(* Let $(\mathcal A,\cdot,\ast,D)$ be a special GDN-Poisson admissible algebra and define $x\circ y:=x\ast Dy$ for $x,y\in\mathcal A$. Then $(\mathcal A,\cdot,\circ)$ is a GDN-Poisson algebra.
   Context: A special GDN-Poisson admissible algebra $(\mathcal A,\cdot,\ast,D)$ is a vector space with bilinear products $\cdot,\ast$ and a linear map $D$ such that $(\mathcal A,\cdot)$ is commutative associative with unit $e$, $(\mathcal A,\ast)$ is commutative associative, and $(x\cdot y)\ast z=x\cdot(y\ast z)$, $D(x\ast y)=(Dx)\ast y+x\ast(Dy)$, $D(x\cdot y)=(Dx)\cdot y+x\cdot(Dy)-x\cdot y\cdot(De)$. A GDN-Poisson algebra is a vector space with bilinear products $\cdot,\circ$ such that $(\mathcal A,\cdot)$ is commutative associative with unit $e$, $x\circ(y\circ z)-(x\circ y)\circ z=y\circ(x\circ z)-(y\circ x)\circ z$, $(x\circ y)\circ z=(x\circ z)\circ y$, $(x\cdot y)\circ z=x\cdot(y\circ z)$, and $(x\circ y)\cdot z-x\circ(y\cdot z)=(y\circ x)\cdot z-y\circ(x\cdot z)$. *)

theory Defs
  imports Complex_Main
begin

definition bilinear_prod :: "('k::field \<Rightarrow> 'a::ab_group_add \<Rightarrow> 'a) \<Rightarrow> ('a \<Rightarrow> 'a \<Rightarrow> 'a) \<Rightarrow> bool" where
  "bilinear_prod smul p \<longleftrightarrow>
     (\<forall>x. Vector_Spaces.linear smul smul (\<lambda>y. p x y)) \<and> (\<forall>y. Vector_Spaces.linear smul smul (\<lambda>x. p x y))"

definition special_GDN_Poisson_admissible ::
  "('k::field \<Rightarrow> 'a::ab_group_add \<Rightarrow> 'a) \<Rightarrow> ('a \<Rightarrow> 'a \<Rightarrow> 'a) \<Rightarrow> ('a \<Rightarrow> 'a \<Rightarrow> 'a) \<Rightarrow> ('a \<Rightarrow> 'a) \<Rightarrow> bool" where
  "special_GDN_Poisson_admissible smul dot ast D \<longleftrightarrow>
     vector_space smul \<and> bilinear_prod smul dot \<and> bilinear_prod smul ast \<and> Vector_Spaces.linear smul smul D \<and>
     (\<forall>x y. dot x y = dot y x) \<and> (\<forall>x y z. dot (dot x y) z = dot x (dot y z)) \<and>
     (\<exists>e. \<forall>x. dot e x = x) \<and>
     (\<forall>x y. ast x y = ast y x) \<and> (\<forall>x y z. ast (ast x y) z = ast x (ast y z)) \<and>
     (\<forall>x y z. ast (dot x y) z = dot x (ast y z)) \<and>
     (\<forall>x y. D (ast x y) = ast (D x) y + ast x (D y)) \<and>
     (\<forall>e. (\<forall>x. dot e x = x) \<longrightarrow>
        (\<forall>x y. D (dot x y) = dot (D x) y + dot x (D y) - dot (dot x y) (D e)))"

definition GDN_Poisson ::
  "('k::field \<Rightarrow> 'a::ab_group_add \<Rightarrow> 'a) \<Rightarrow> ('a \<Rightarrow> 'a \<Rightarrow> 'a) \<Rightarrow> ('a \<Rightarrow> 'a \<Rightarrow> 'a) \<Rightarrow> bool" where
  "GDN_Poisson smul dot circ \<longleftrightarrow>
     vector_space smul \<and> bilinear_prod smul dot \<and> bilinear_prod smul circ \<and>
     (\<forall>x y. dot x y = dot y x) \<and> (\<forall>x y z. dot (dot x y) z = dot x (dot y z)) \<and>
     (\<exists>e. \<forall>x. dot e x = x) \<and>
     (\<forall>x y z. circ x (circ y z) - circ (circ x y) z = circ y (circ x z) - circ (circ y x) z) \<and>
     (\<forall>x y z. circ (circ x y) z = circ (circ x z) y) \<and>
     (\<forall>x y z. circ (dot x y) z = dot x (circ y z)) \<and>
     (\<forall>x y z. dot (circ x y) z - circ x (dot y z) = dot (circ y x) z - circ y (dot x z))"

end

theory Submission
  imports Defs
begin

text \<open>The Novikov identities for \<open>x \<circ> y = x \<ast> Dy\<close> are the classical Gelfand--Dorfman
construction: in a commutative associative algebra with derivation \<open>D\<close>, both sides of the
left-symmetry identity reduce to \<open>x \<ast> y \<ast> D\<^sup>2z\<close>. For the compatibility with \<open>\<cdot>\<close>, the
unit \<open>e\<close> and the mixed associativity force \<open>x \<ast> y = x \<cdot> y \<cdot> c\<close> with \<open>c = e \<ast> e\<close>; expanding
\<open>D(y \<cdot> z)\<close> by the twisted Leibniz rule then makes both sides of the identity equal to an
expression symmetric in \<open>x\<close> and \<open>y\<close>.\<close>

lemma bilinear_prod_compose_right:
  assumes "bilinear_prod smul p" and "Vector_Spaces.linear smul smul D"
  shows "bilinear_prod smul (\<lambda>x y. p x (D y))"
proof -
  have "Vector_Spaces.linear smul smul ((\<lambda>y. p x y) \<circ> D)" for x
    using assms by (intro Vector_Spaces.linear_compose) (auto simp: bilinear_prod_def)
  then show ?thesis
    using assms(1) by (simp add: bilinear_prod_def comp_def)
qed

lemma bilinear_prod_add_right:
  assumes "bilinear_prod smul p"
  shows "p x (a + b) = p x a + p x b"
  using assms module_hom.add unfolding bilinear_prod_def linear_iff_module_hom by metis

lemma bilinear_prod_diff_right:
  assumes "bilinear_prod smul p"
  shows "p x (a - b) = p x a - p x b"
  using assms module_hom.diff unfolding bilinear_prod_def linear_iff_module_hom by metis

lemma comm_assoc_right_commutative:
  fixes ast :: "'a \<Rightarrow> 'a \<Rightarrow> 'a"
  assumes comm: "\<And>x y. ast x y = ast y x"
    and assoc: "\<And>x y z. ast (ast x y) z = ast x (ast y z)"
  shows "ast (ast x a) b = ast (ast x b) a"
  using assms by metis

lemma derivation_product_left_symmetric:
  fixes ast :: "'a::ab_group_add \<Rightarrow> 'a \<Rightarrow> 'a"
  assumes comm: "\<And>x y. ast x y = ast y x"
    and assoc: "\<And>x y z. ast (ast x y) z = ast x (ast y z)"
    and add_right: "\<And>x a b. ast x (a + b) = ast x a + ast x b"
    and derivation: "\<And>x y. D (ast x y) = ast (D x) y + ast x (D y)"
  shows "ast x (D (ast y (D z))) - ast (ast x (D y)) (D z)
       = ast y (D (ast x (D z))) - ast (ast y (D x)) (D z)"
proof -
  have reduce: "ast u (D (ast v (D z))) - ast (ast u (D v)) (D z) = ast u (ast v (D (D z)))"
    for u v
    by (simp add: derivation add_right assoc)
  show ?thesis
    unfolding reduce using comm assoc by metis
qed

lemma unital_mixed_product_factors:
  assumes unit: "\<And>x. dot e x = x"
    and dot_comm: "\<And>x y. dot x y = dot y x"
    and ast_comm: "\<And>x y. ast x y = ast y x"
    and mixed: "\<And>x y z. ast (dot x y) z = dot x (ast y z)"
  shows "ast a b = dot a (dot b (ast e e))"
proof -
  have "ast a b = ast (dot a e) b" using unit dot_comm by metis
  also have "\<dots> = dot a (ast e b)" by (rule mixed)
  also have "ast e b = ast (dot b e) e" using unit dot_comm ast_comm by metis
  also have "\<dots> = dot b (ast e e)" by (rule mixed)
  finally show ?thesis .
qed

lemma twisted_derivation_compatibility:
  fixes dot :: "'a::ab_group_add \<Rightarrow> 'a \<Rightarrow> 'a"
  assumes comm: "\<And>x y. dot x y = dot y x"
    and assoc: "\<And>x y z. dot (dot x y) z = dot x (dot y z)"
    and add_right: "\<And>x a b. dot x (a + b) = dot x a + dot x b"
    and diff_right: "\<And>x a b. dot x (a - b) = dot x a - dot x b"
    and twisted_leibniz: "\<And>x y. D (dot x y) = dot (D x) y + dot x (D y) - dot (dot x y) (D e)"
    and factors: "\<And>a b. ast a b = dot a (dot b c)"
  shows "dot (ast x (D y)) z - ast x (D (dot y z)) = dot (ast y (D x)) z - ast y (D (dot x z))"
proof -
  have left_comm: "\<And>x y z. dot x (dot y z) = dot y (dot x z)"
    using comm assoc by metis
  have reduce: "dot (ast u (D v)) z - ast u (D (dot v z))
      = dot u (dot v (dot (dot z (D e)) c)) - dot u (dot v (dot (D z) c))" for u v
    by (simp add: factors twisted_leibniz add_right diff_right assoc left_comm comm algebra_simps)
  show ?thesis
    unfolding reduce using assoc left_comm by metis
qed

theorem mainTheorem3:
  fixes smul :: "'k::field \<Rightarrow> 'a::ab_group_add \<Rightarrow> 'a"
    and dot ast :: "'a \<Rightarrow> 'a \<Rightarrow> 'a" and D :: "'a \<Rightarrow> 'a"
  assumes "special_GDN_Poisson_admissible smul dot ast D"
  shows "GDN_Poisson smul dot (\<lambda>x y. ast x (D y))"
proof -
  note admissible = assms[unfolded special_GDN_Poisson_admissible_def]
  obtain e where unit: "\<And>x. dot e x = x"
    using admissible by auto
  have vector_space: "vector_space smul"
    and dot_bilinear: "bilinear_prod smul dot" and ast_bilinear: "bilinear_prod smul ast"
    and D_linear: "Vector_Spaces.linear smul smul D"
    and dot_comm: "\<And>x y. dot x y = dot y x"
    and dot_assoc: "\<And>x y z. dot (dot x y) z = dot x (dot y z)"
    and ast_comm: "\<And>x y. ast x y = ast y x"
    and ast_assoc: "\<And>x y z. ast (ast x y) z = ast x (ast y z)"
    and mixed: "\<And>x y z. ast (dot x y) z = dot x (ast y z)"
    and derivation: "\<And>x y. D (ast x y) = ast (D x) y + ast x (D y)"
    and twisted_leibniz: "\<And>x y. D (dot x y) = dot (D x) y + dot x (D y) - dot (dot x y) (D e)"
    using admissible unit by blast+
  note dot_add = bilinear_prod_add_right[OF dot_bilinear]
    and dot_diff = bilinear_prod_diff_right[OF dot_bilinear]
    and ast_add = bilinear_prod_add_right[OF ast_bilinear]
  have factors: "\<And>a b. ast a b = dot a (dot b (ast e e))"
    using unit dot_comm ast_comm mixed by (rule unital_mixed_product_factors)
  show ?thesis
    unfolding GDN_Poisson_def
    using vector_space dot_bilinear dot_comm dot_assoc unit
      bilinear_prod_compose_right[OF ast_bilinear D_linear]
      derivation_product_left_symmetric[OF ast_comm ast_assoc ast_add derivation]
      comm_assoc_right_commutative[OF ast_comm ast_assoc] mixed
      twisted_derivation_compatibility[OF dot_comm dot_assoc dot_add dot_diff twisted_leibniz factors]
    by blast
qed

end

————

Work to be completed :: Nothing but the lines from the line with "and ast_add = bilinear_prod_add_right[OF" to the last line of the listing above should appear; please retype them exactly, both ends included.

Problem solution ::
    and ast_add = bilinear_prod_add_right[OF ast_bilinear]
  have factors: "\<And>a b. ast a b = dot a (dot b (ast e e))"
    using unit dot_comm ast_comm mixed by (rule unital_mixed_product_factors)
  show ?thesis
    unfolding GDN_Poisson_def
    using vector_space dot_bilinear dot_comm dot_assoc unit
      bilinear_prod_compose_right[OF ast_bilinear D_linear]
      derivation_product_left_symmetric[OF ast_comm ast_assoc ast_add derivation]
      comm_assoc_right_commutative[OF ast_comm ast_assoc] mixed
      twisted_derivation_compatibility[OF dot_comm dot_assoc dot_add dot_diff twisted_leibniz factors]
    by blast
qed

end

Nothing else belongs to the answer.